Él
la había estado observando ya recostado bajo las sábanas. En su
interior lamentaba que ella hubiera permanecido desnuda tan poco
tiempo antes de pegarse a él, su cuerpo de mujer en la luz cenital
de la habitación -ninguno había apagado la luz-, le había
producido agradables descargas eléctricas en el diafragma como hacía
tiempo no había sentido, sus últimas relaciones sexuales habían
sido esporádicas y con sus propias manos en los últimos años.
Se
habían conocido en la sucursal bancaria en la que ella trabajaba. Él
había acudido a quejarse de unas comisiones inexplicables y
excesivas, como todas las comisiones ordinarias de los bancos
españoles, que le habían sustraído parte de su saldo en cuenta,
cuenta lo bastante saneada como para ser considerado un buen cliente.

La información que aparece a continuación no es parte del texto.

(* Let $L\geq 2$, $d,M,J,N\geq 1$, let $X\in\mathbb{R}^{d\times N}$, and let $A\in\mathbb{R}^{J\times N}$ have one-hot columns. Suppose $\sigma:\mathbb{R}\to\mathbb{R}$ is Lipschitz continuous, i.e. $|\sigma(z_1)-\sigma(z_2)|\leq B|z_1-z_2|$ for some $B>0$ and all $z_1,z_2\in\mathbb{R}$. Then for all $W_1\in\mathbb{R}^{M\times d}$, $W_2,\dots,W_{L-1}\in\mathbb{R}^{M\times M}$, $W_L\in\mathbb{R}^{J\times M}$, $b_1,\dots,b_{L-1}\in\mathbb{R}^{M}$ and $c_1,\dots,c_{L-1}\in\mathbb{R}^{M\times N}$, $$\mathcal{L}(\phi_{\mathrm{FNN}}(X;\theta),A)\leq C_B\cdot\sqrt{L-1}\cdot \mathcal{L}^{\mathrm{FNN}}_{\mathrm S},$$ where $C_B=\max\{\sqrt2,\,2B,\,2B^{L-1}\}$.
   Context: Softmax and cross-entropy: for $\boldsymbol z\in\mathbb{R}^J$ and one-hot $\boldsymbol\alpha\in\mathbb{R}^J$ (entries in $\{0,1\}$ summing to $1$), $\ell(\boldsymbol z,\boldsymbol\alpha)=-\sum_j\alpha_j\ln\big(e^{z_j}/\sum_{k}e^{z_k}\big)$. For $Z=[\boldsymbol z_1\cdots\boldsymbol z_N]$, $A=[\boldsymbol\alpha_1\cdots\boldsymbol\alpha_N]$: $\mathcal{L}_{\mathrm{vec}}(Z,A)=[\ell(\boldsymbol z_n,\boldsymbol\alpha_n)]_{n=1}^N\in\mathbb{R}^N$ and $\mathcal{L}(Z,A)=\frac1N\sum_{n=1}^N\ell(\boldsymbol z_n,\boldsymbol\alpha_n)$. The fully connected network with parameters $\theta=\{W_L,W_l,b_l\}_{l=1}^{L-1}$ is $\phi_{\mathrm{FNN}}(\boldsymbol x;\theta)=W_L\sigma(W_{L-1}\sigma(\cdots\sigma(W_1\boldsymbol x+b_1)\cdots)+b_{L-1})$ with $\sigma$ applied entrywise, and $\phi_{\mathrm{FNN}}(X;\theta)$ is the matrix whose $n$-th column is $\phi_{\mathrm{FNN}}$ applied to the $n$-th column of $X$. With $\mathbf 1\in\mathbb{R}^N$ the all-ones vector, set weights $\omega_l=\prod_{j=l+1}^{L}\|W_j\|_{\mathrm F}^2$ for $l=1,\dots,L-1$, and $$S=\|\mathcal{L}_{\mathrm{vec}}(W_L\sigma(c_{L-1}),A)\|_2^2+\sum_{l=2}^{L-1}\omega_l\|W_l\sigma(c_{l-1})+b_l\mathbf 1^\top-c_l\|_{\mathrm F}^2+\omega_1\|W_1X+b_1\mathbf 1^\top-c_1\|_{\mathrm F}^2,$$ and the layer separation loss $\mathcal{L}^{\mathrm{FNN}}_{\mathrm S}=\frac{1}{\sqrt N}S^{1/2}$. *)

theory Defs
  imports Complex_Main
begin

text \<open>Matrices are functions nat \<Rightarrow> nat \<Rightarrow> real (row, column), vectors are
functions nat \<Rightarrow> real; all sums range over the explicit dimensions, so entries
outside the index ranges are irrelevant. Layers are indexed 1..L:
W l is the l-th weight matrix (W 1 is M x d, W l is M x M for 2 \<le> l \<le> L-1,
W L is J x M), b l \<in> R^M, c l \<in> R^(M x N).\<close>

definition ce_loss :: "nat \<Rightarrow> (nat \<Rightarrow> real) \<Rightarrow> (nat \<Rightarrow> real) \<Rightarrow> real" where
  "ce_loss J z \<alpha> = - (\<Sum>j<J. \<alpha> j * ln (exp (z j) / (\<Sum>k<J. exp (z k))))"

definition one_hot_cols :: "nat \<Rightarrow> nat \<Rightarrow> (nat \<Rightarrow> nat \<Rightarrow> real) \<Rightarrow> bool" where
  "one_hot_cols J N A \<longleftrightarrow>
     (\<forall>n<N. (\<forall>j<J. A j n = 0 \<or> A j n = 1) \<and> (\<Sum>j<J. A j n) = 1)"

definition mean_ce :: "nat \<Rightarrow> nat \<Rightarrow> (nat \<Rightarrow> nat \<Rightarrow> real) \<Rightarrow> (nat \<Rightarrow> nat \<Rightarrow> real) \<Rightarrow> real" where
  "mean_ce J N Z A = (1 / real N) * (\<Sum>n<N. ce_loss J (\<lambda>j. Z j n) (\<lambda>j. A j n))"

fun fnn_hidden :: "(real \<Rightarrow> real) \<Rightarrow> nat \<Rightarrow> nat \<Rightarrow> (nat \<Rightarrow> nat \<Rightarrow> nat \<Rightarrow> real)
    \<Rightarrow> (nat \<Rightarrow> nat \<Rightarrow> real) \<Rightarrow> (nat \<Rightarrow> real) \<Rightarrow> nat \<Rightarrow> nat \<Rightarrow> real" where
  "fnn_hidden \<sigma> d M W b x 0 = x"
| "fnn_hidden \<sigma> d M W b x (Suc l) =
     (\<lambda>i. \<sigma> ((\<Sum>k<(if l = 0 then d else M). W (Suc l) i k * fnn_hidden \<sigma> d M W b x l k)
              + b (Suc l) i))"

definition phi_fnn :: "(real \<Rightarrow> real) \<Rightarrow> nat \<Rightarrow> nat \<Rightarrow> nat \<Rightarrow> (nat \<Rightarrow> nat \<Rightarrow> nat \<Rightarrow> real)
    \<Rightarrow> (nat \<Rightarrow> nat \<Rightarrow> real) \<Rightarrow> (nat \<Rightarrow> real) \<Rightarrow> nat \<Rightarrow> real" where
  "phi_fnn \<sigma> L d M W b x = (\<lambda>j. \<Sum>k<M. W L j k * fnn_hidden \<sigma> d M W b x (L - 1) k)"

definition phi_fnn_mat :: "(real \<Rightarrow> real) \<Rightarrow> nat \<Rightarrow> nat \<Rightarrow> nat \<Rightarrow> (nat \<Rightarrow> nat \<Rightarrow> nat \<Rightarrow> real)
    \<Rightarrow> (nat \<Rightarrow> nat \<Rightarrow> real) \<Rightarrow> (nat \<Rightarrow> nat \<Rightarrow> real) \<Rightarrow> nat \<Rightarrow> nat \<Rightarrow> real" where
  "phi_fnn_mat \<sigma> L d M W b X = (\<lambda>j n. phi_fnn \<sigma> L d M W b (\<lambda>i. X i n) j)"

definition frob2 :: "nat \<Rightarrow> nat \<Rightarrow> (nat \<Rightarrow> nat \<Rightarrow> real) \<Rightarrow> real" where
  "frob2 m n Q = (\<Sum>i<m. \<Sum>k<n. (Q i k)^2)"

definition sep_weight :: "nat \<Rightarrow> nat \<Rightarrow> nat \<Rightarrow> nat \<Rightarrow> (nat \<Rightarrow> nat \<Rightarrow> nat \<Rightarrow> real) \<Rightarrow> nat \<Rightarrow> real" where
  "sep_weight L d M J W l =
     (\<Prod>j\<in>{l+1..L}. frob2 (if j = L then J else M) (if j = 1 then d else M) (W j))"

definition sep_S :: "(real \<Rightarrow> real) \<Rightarrow> nat \<Rightarrow> nat \<Rightarrow> nat \<Rightarrow> nat \<Rightarrow> nat
    \<Rightarrow> (nat \<Rightarrow> nat \<Rightarrow> real) \<Rightarrow> (nat \<Rightarrow> nat \<Rightarrow> real)
    \<Rightarrow> (nat \<Rightarrow> nat \<Rightarrow> nat \<Rightarrow> real) \<Rightarrow> (nat \<Rightarrow> nat \<Rightarrow> real) \<Rightarrow> (nat \<Rightarrow> nat \<Rightarrow> nat \<Rightarrow> real) \<Rightarrow> real" where
  "sep_S \<sigma> L d M J N X A W b c =
     (\<Sum>n<N. (ce_loss J (\<lambda>j. \<Sum>k<M. W L j k * \<sigma> (c (L - 1) k n)) (\<lambda>j. A j n))^2)
   + (\<Sum>l\<in>{2..L - 1}. sep_weight L d M J W l *
        (\<Sum>i<M. \<Sum>n<N. ((\<Sum>k<M. W l i k * \<sigma> (c (l - 1) k n)) + b l i - c l i n)^2))
   + sep_weight L d M J W 1 *
        (\<Sum>i<M. \<Sum>n<N. ((\<Sum>k<d. W 1 i k * X k n) + b 1 i - c 1 i n)^2)"

definition layer_sep_loss :: "(real \<Rightarrow> real) \<Rightarrow> nat \<Rightarrow> nat \<Rightarrow> nat \<Rightarrow> nat \<Rightarrow> nat
    \<Rightarrow> (nat \<Rightarrow> nat \<Rightarrow> real) \<Rightarrow> (nat \<Rightarrow> nat \<Rightarrow> real)
    \<Rightarrow> (nat \<Rightarrow> nat \<Rightarrow> nat \<Rightarrow> real) \<Rightarrow> (nat \<Rightarrow> nat \<Rightarrow> real) \<Rightarrow> (nat \<Rightarrow> nat \<Rightarrow> nat \<Rightarrow> real) \<Rightarrow> real" where
  "layer_sep_loss \<sigma> L d M J N X A W b c = (1 / sqrt (real N)) * sqrt (sep_S \<sigma> L d M J N X A W b c)"

end

theory Submission
  imports Defs "HOL-Analysis.L2_Norm"
begin

(* Compare, column by column, the network logits z = W_L sigma(h_{L-1}) with the logits
   z' = W_L sigma(c_{L-1}) built from the auxiliary variables. Cross-entropy with a one-hot label
   is sqrt 2-Lipschitz in the logits, since its gradient softmax z - alpha has norm at most sqrt 2.
   The pre-activation errors e_l = |W_l h_{l-1} + b_l - c_l| satisfy
   e_{l+1} <= r_{l+1} + B |W_{l+1}|_F e_l with r_l the residuals of the separation loss, so
   unrolling gives |z - z'| <= sum_m B^(L-m) sqrt(omega_m) r_m. Summing over the N columns,
   Cauchy-Schwarz in n and in the L-1 layers bounds the mean loss by
   sqrt(1 + 2 sum_m B^(2(L-m))) times the separation loss, and that constant is at most
   C_B sqrt(L-1). *)

lemma power2_L2_set: "(L2_set f A)\<^sup>2 = (\<Sum>i\<in>A. (f i)\<^sup>2)"
  unfolding L2_set_def by (simp add: sum_nonneg)

lemma L2_set_abs: "L2_set (\<lambda>i. \<bar>f i\<bar>) A = L2_set f A"
  unfolding L2_set_def by simp

lemma real_sqrt_prod: "sqrt (\<Prod>j\<in>K. f j) = (\<Prod>j\<in>K. sqrt (f j))"
  by (induction K rule: infinite_finite_induct) (auto simp: real_sqrt_mult)

lemma sum_le_sqrt_card_mult_L2_set: "(\<Sum>i\<in>A. f i) \<le> sqrt (real (card A)) * L2_set f A"
proof -
  have "(\<Sum>i\<in>A. f i) \<le> (\<Sum>i\<in>A. \<bar>1::real\<bar> * \<bar>f i\<bar>)" by (rule sum_mono) simp
  also have "\<dots> \<le> L2_set (\<lambda>_. 1) A * L2_set f A" by (rule L2_set_mult_ineq)
  finally show ?thesis by (simp add: L2_set_constant)
qed

text \<open>Cauchy-Schwarz for the vectors (1, a) and (x, v).\<close>
lemma add_sum_mult_le_sqrt_mult_sqrt:
  "x + (\<Sum>m\<in>K. a m * v m) \<le> sqrt (1 + (\<Sum>m\<in>K. (a m)\<^sup>2)) * sqrt (x\<^sup>2 + (\<Sum>m\<in>K. (v m)\<^sup>2))"
proof -
  define p where "p = L2_set a K"
  define q where "q = L2_set v K"
  have "(\<Sum>m\<in>K. a m * v m) \<le> (\<Sum>m\<in>K. \<bar>a m\<bar> * \<bar>v m\<bar>)"
    by (rule sum_mono) (simp flip: abs_mult)
  also have "\<dots> \<le> p * q" unfolding p_def q_def by (rule L2_set_mult_ineq)
  finally have "x + (\<Sum>m\<in>K. a m * v m) \<le> \<bar>x\<bar> + p * q" by simp
  also have "\<bar>x\<bar> + p * q \<le> sqrt ((1 + p\<^sup>2) * (x\<^sup>2 + q\<^sup>2))"
  proof (rule real_le_rsqrt)
    have "0 \<le> (p * \<bar>x\<bar> - q)\<^sup>2" by simp
    then show "(\<bar>x\<bar> + p * q)\<^sup>2 \<le> (1 + p\<^sup>2) * (x\<^sup>2 + q\<^sup>2)"
      by (simp add: algebra_simps power2_eq_square)
  qed
  finally show ?thesis
    unfolding p_def q_def power2_L2_set by (simp add: real_sqrt_mult)
qed

lemma L2_set_matrix_vector_le:
  "L2_set (\<lambda>i. \<Sum>k<n. Q i k * v k) {..<m} \<le> sqrt (frob2 m n Q) * L2_set v {..<n}"
proof -
  have row: "(\<Sum>k<n. Q i k * v k)\<^sup>2 \<le> (\<Sum>k<n. (Q i k)\<^sup>2) * (\<Sum>k<n. (v k)\<^sup>2)" for i
  proof -
    have "\<bar>\<Sum>k<n. Q i k * v k\<bar> \<le> (\<Sum>k<n. \<bar>Q i k\<bar> * \<bar>v k\<bar>)"
      by (rule order_trans[OF sum_abs]) (simp add: abs_mult)
    also have "\<dots> \<le> L2_set (Q i) {..<n} * L2_set v {..<n}" by (rule L2_set_mult_ineq)
    finally have "\<bar>\<Sum>k<n. Q i k * v k\<bar> \<le> \<bar>L2_set (Q i) {..<n} * L2_set v {..<n}\<bar>"
      by simp
    then have "(\<Sum>k<n. Q i k * v k)\<^sup>2 \<le> (L2_set (Q i) {..<n} * L2_set v {..<n})\<^sup>2"
      by (simp only: abs_le_square_iff)
    then show ?thesis by (simp add: power_mult_distrib power2_L2_set)
  qed
  have "(\<Sum>i<m. (\<Sum>k<n. Q i k * v k)\<^sup>2) \<le> (\<Sum>i<m. (\<Sum>k<n. (Q i k)\<^sup>2) * (\<Sum>k<n. (v k)\<^sup>2))"
    by (intro sum_mono row)
  also have "\<dots> = frob2 m n Q * (\<Sum>k<n. (v k)\<^sup>2)"
    by (simp add: frob2_def sum_distrib_right)
  finally have "sqrt (\<Sum>i<m. (\<Sum>k<n. Q i k * v k)\<^sup>2) \<le> sqrt (frob2 m n Q * (\<Sum>k<n. (v k)\<^sup>2))"
    by (rule real_sqrt_le_mono)
  then show ?thesis unfolding L2_set_def by (simp add: real_sqrt_mult)
qed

Ella, en vez de torearle como le ordenaban las instrucciones de sus
superiores, le había escuchado e, incluso, atendido
satisfactoriamente, haciendo desaparecer el cargo con un click de
ratón en su ordenador.
Él
se acostumbró a volver de nuevo a la agencia al más mínimo motivo
y comenzaron a escaparse a tomar algún café a una de las tabernas
próximas. Se dieron cuenta, conversando, de que, fuera de sus vidas
profesionales, gustaban de muchas cosas comunes aunque de forma
diferente, lo que la lógica de los más de quince años de
diferencia de edad, quizá veinte, podía justificar.
Con
el paso de los meses, quizá medio año, las confidencias sobre sus
situaciones personales, ella con una hija preadolescente que criaba
sola -su ex se hacía cargo solo en el más estricto régimen de
visitas-, y él, rebotado de un matrimonio olvidado en otra ciudad,
haciendo compañía a las telarañas de un piso heredado la mayor
parte del tiempo y en el que solo era habitable porque una señora
contratada por su anciana madre, madre que no vivía muy lejos,
mantenía el nivel de polvo en un límite aceptable. Eso sí, atendía
amablemente a cuantas señoras pasaban por su ámbito de acción pero
ninguna se interesó en quedarse a lavar sus calzoncillos y demás
tareas propias de la convivencia.
Así
que, cuando ella le comentó en el café matinal que tenía por
delante un fin de semana sin niña, él le invitó a cenar, quería
oírle hablar más, oír sus comentarios llenos de humor, su
facilidad para la ironía sobre sí misma y sobre su situación en el
banco y en su vida. Y la cena fue tal y como lo esperaba, ambos
disfrutaron del momento. Así que a la salida del restaurante, quizá
con la euforia, él dio un traspiés y se encontraron apachurrados los
dos contra un árbol decorativo, que estaba mal estacionado en la
acera junto a la puerta del local y, en vez de decir, como era su
intención “¿Te apetece un gin-tónic en el club del barrio?” él
dijo algo así como: “¿Quieres que cojamos una habitación con
vistas a la bahía en el Hotel Monte Igueldo?” que es casi lo
mismo.
Una
vez en el hotel, contemplado suficientemente el iluminado marco
“incomparable” y después de unos largos besos, ella le mandó a
él pasar primero por el baño.
El
amanecer le despertó a él, que se había quedado dormido con el
cuerpo de ella pegado naturalmente al suyo -no vamos a entrar en
detalles sobre adhesivos-, mientras ella le seguía hablando, y él
se resistió a abrir los ojos un rato, todos sus sentidos estaban
plenos del cuerpo femenino a su lado, cuando abrió los ojos se dio
cuenta que ella le estaba observando desde hacía un rato. Se
sonrieron y, casualidades de la vida que superan cualquier ficción,
los dos dijeron simultáneamente:
- El
último amor de la vida es más importante que el primero.
grande!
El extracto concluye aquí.